Responding to Chinese challenge with democratic socialism


As the Chinese Communist Party (CCP) commemorates its 100th anniversary, Western countries are still struggling to define their attitude towards the Beijing regime. Let me say it straight away: the right answer lies in ending Western arrogance and promoting a new emancipatory and egalitarian horizon on a global scale, a new form of democratic and participatory, ecological and post-colonial socialism. If they stick to their usual lecturing posture and a dated hyper-capitalist model, Western countries may find it extremely difficult to meet the Chinese challenge.

Authoritarian and oppressive, the Beijing regime certainly has many weaknesses. According to the Global Times, the official daily newspaper, Chinese-style democracy is superior to the Western-style electoral supermarket, because it entrusts the country’s destinies to a motivated and determined avant-garde, both selected and representative of society (the CCP has 90 million members, 10% of the population), and ultimately more deeply involved in the service of the general interest than the average Western voter, versatile and impressionable.

In practice, however, the regime is becoming more and more like a perfect digital dictatorship, so perfect that no one wants to look like it. The model of deliberation within the party is all the less convincing because it leaves no trace outside, while on the contrary everyone can see more and more clearly the establishment of widespread surveillance on social networks, the repression of dissidents and minorities, the brutalization of the electoral process in Hong Kong , threats to electoral democracy in Taiwan. The ability of such a regime to appeal to the views of other countries (and not just their leaders) seems limited. We must add the sharp rise in inequality, the acceleration in ageing, the extreme opacity that characterizes the distribution of wealth, the feeling of social injustice that results from this and that cannot be permanently appeased by a few marginalizations.

Despite these weaknesses, the regime has strong assets. When climatic disasters occur, it will have no difficulty in stigmatizing the responsibilities of the former powers, which despite their limited population (about 15% of the world’s population for the United States, Canada, Europe, Russia, Japan taken together), account for nearly 80% of cumulative carbon emissions since the beginning of the industrial era.

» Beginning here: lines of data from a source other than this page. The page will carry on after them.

lemma Snc_eq_hypergeom:
  fixes c n x :: real
  assumes "c \<noteq> 0" "1 + c * x > 0"
    and "norm ((c * x / (1 + c * x))\<^sup>2) < fps_conv_radius (hypergeom_fps (n / c))"
  shows "Snc c n x = (1 + c * x) powr (- 2 * (n / c)) * eval_fps (hypergeom_fps (n / c)) ((c * x / (1 + c * x))\<^sup>2)"
proof -
  define a where "a = n / c"
  define z where "z = (c * x / (1 + c * x))\<^sup>2"
  have "(\<lambda>k. fps_nth (hypergeom_fps a) k * z ^ k) sums eval_fps (hypergeom_fps a) z"
    using assms(3) by (intro sums_eval_fps) (simp add: a_def z_def)
  then have sums: "(\<lambda>k. (1 + c * x) powr (- 2 * a) * (fps_nth (hypergeom_fps a) k * z ^ k))
                     sums ((1 + c * x) powr (- 2 * a) * eval_fps (hypergeom_fps a) z)"
    by (rule sums_mult)
  have "(pnk c n k x)\<^sup>2 = (1 + c * x) powr (- 2 * a) * (fps_nth (hypergeom_fps a) k * z ^ k)" for k
  proof -
    have p: "pnk c n k x = (-1) ^ k * ((-a) gchoose k) * (c * x) ^ k * (1 + c * x) powr (- a - real k)"
      using assms by (simp add: pnk_def rpow_def a_def)
    have "((1 + c * x) powr (- a - real k))\<^sup>2 = (1 + c * x) powr (- 2 * a - real (2 * k))"
      using assms(2) by (subst powr_power) (auto simp: algebra_simps)
    also have "\<dots> = (1 + c * x) powr (- 2 * a) / (1 + c * x) ^ (2 * k)"
      using assms(2) powr_realpow[of "1 + c * x" "2 * k"] by (simp add: powr_diff)
    finally have q: "((1 + c * x) powr (- a - real k))\<^sup>2 = (1 + c * x) powr (- 2 * a) / (1 + c * x) ^ (2 * k)" .
    have zk: "((c * x) ^ k)\<^sup>2 / (1 + c * x) ^ (2 * k) = z ^ k"
      unfolding z_def by (simp add: power_divide flip: power_mult) (simp add: mult.commute)
    have "((-1::real) ^ k)\<^sup>2 = 1" by (induct k) (auto simp: power2_eq_square)
    then have "(pnk c n k x)\<^sup>2 = ((-a) gchoose k)\<^sup>2 * ((c * x) ^ k)\<^sup>2 * ((1 + c * x) powr (- a - real k))\<^sup>2"
      unfolding p by (simp add: power_mult_distrib)
    also have "\<dots> = (1 + c * x) powr (- 2 * a) * (((-a) gchoose k)\<^sup>2 * (((c * x) ^ k)\<^sup>2 / (1 + c * x) ^ (2 * k)))"
      unfolding q by simp
    also have "\<dots> = (1 + c * x) powr (- 2 * a) * (fps_nth (hypergeom_fps a) k * z ^ k)"
      unfolding zk by (simp add: hypergeom_fps_def)
    finally show ?thesis .
  qed
  with sums show ?thesis unfolding Snc_def by (simp add: sums_iff a_def z_def)
qed

lemma Snc_eq_bessel: "Snc 0 n x = exp (- 2 * n * x) * eval_fps (bessel_fps (n\<^sup>2)) (x\<^sup>2)"
proof -
  have "(\<lambda>k. exp (- 2 * n * x) * (fps_nth (bessel_fps (n\<^sup>2)) k * (x\<^sup>2) ^ k))
          sums (exp (- 2 * n * x) * eval_fps (bessel_fps (n\<^sup>2)) (x\<^sup>2))"
    by (intro sums_mult sums_eval_fps) (simp add: fps_conv_radius_bessel_fps)
  moreover have "(pnk 0 n k x)\<^sup>2 = exp (- 2 * n * x) * (fps_nth (bessel_fps (n\<^sup>2)) k * (x\<^sup>2) ^ k)" for k
  proof -
    have "exp (- 2 * n * x) = (exp (- n * x))\<^sup>2" by (simp add: power2_eq_square flip: exp_add)
    then show ?thesis
      by (simp add: pnk_def bessel_fps_def power_mult_distrib power_divide mult.commute flip: power_mult)
  qed
  ultimately show ?thesis unfolding Snc_def by (simp add: sums_iff)
qed

text \<open>The left-hand side is the linear equation applied to \<open>\<sigma>(x) F(\<zeta>(x))\<close> with
  \<open>\<sigma>(x) = (1 + c x) powr (-2a)\<close> and \<open>\<zeta>(x) = (c x / (1 + c x))\<^sup>2\<close>, expanded by the chain rule.\<close>

lemma hypergeom_substitution_identity:
  fixes a c x \<sigma> F F1 F2 :: real
  assumes "1 + c * x \<noteq> 0"
  defines "s \<equiv> 1 + c * x"
  shows "ode_P c x * (2 * a * (2 * a + 1) * c\<^sup>2 / s\<^sup>2 * \<sigma> * F
            + 2 * (- 2 * a * c / s * \<sigma>) * (2 * c\<^sup>2 * x / s ^ 3) * F1
            + \<sigma> * (2 * c\<^sup>2 * (1 - 2 * c * x) / s ^ 4) * F1 + \<sigma> * (2 * c\<^sup>2 * x / s ^ 3)\<^sup>2 * F2)
         + ode_Q c (a * c) x * (- 2 * a * c / s * \<sigma> * F + \<sigma> * (2 * c\<^sup>2 * x / s ^ 3) * F1)
         + ode_R c (a * c) x * (\<sigma> * F)
       = \<sigma> * (4 * c\<^sup>2 * x / s) * ((c * x / s)\<^sup>2 * (1 - (c * x / s)\<^sup>2) * F2
            + (1 - (2 * a + 1) * (c * x / s)\<^sup>2) * F1 - a\<^sup>2 * F)"
proof -
  define t where "t = inverse s"
  have "s * t = 1" "s = 1 + c * x" using assms by (simp_all add: s_def t_def)
  then show ?thesis
    unfolding ode_P_def ode_Q_def ode_R_def divide_inverse power_inverse[symmetric] t_def[symmetric]
    by algebra
qed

More generally, China does not hesitate to recall that it industrialized without resorting to slavery and colonialism, of which it itself has borne the brunt. This allows it to score points in the face of what is perceived throughout the world as the eternal arrogance of Western countries, always quick to give lessons to the whole world in terms of justice and democracy, while showing themselves incapable of facing the inequalities and discriminations that undermine them and by making a pact with all the potentates and oligarchs who benefit from them.:

On the economic and financial level, the Chinese state has considerable assets, much greater than its debts, which gives it the means for an ambitious policy, both domestically and internationally, especially regarding investments in infrastructure and in the energy transition. . The public authorities currently hold 30% of everything there is to own in China (10% of real estate, 50% of companies), which corresponds to a mixed economy structure that is in many ways comparable to that found in the West during the period of prosperity 1950-1980 (known in France as the ‘trente glorieuses’).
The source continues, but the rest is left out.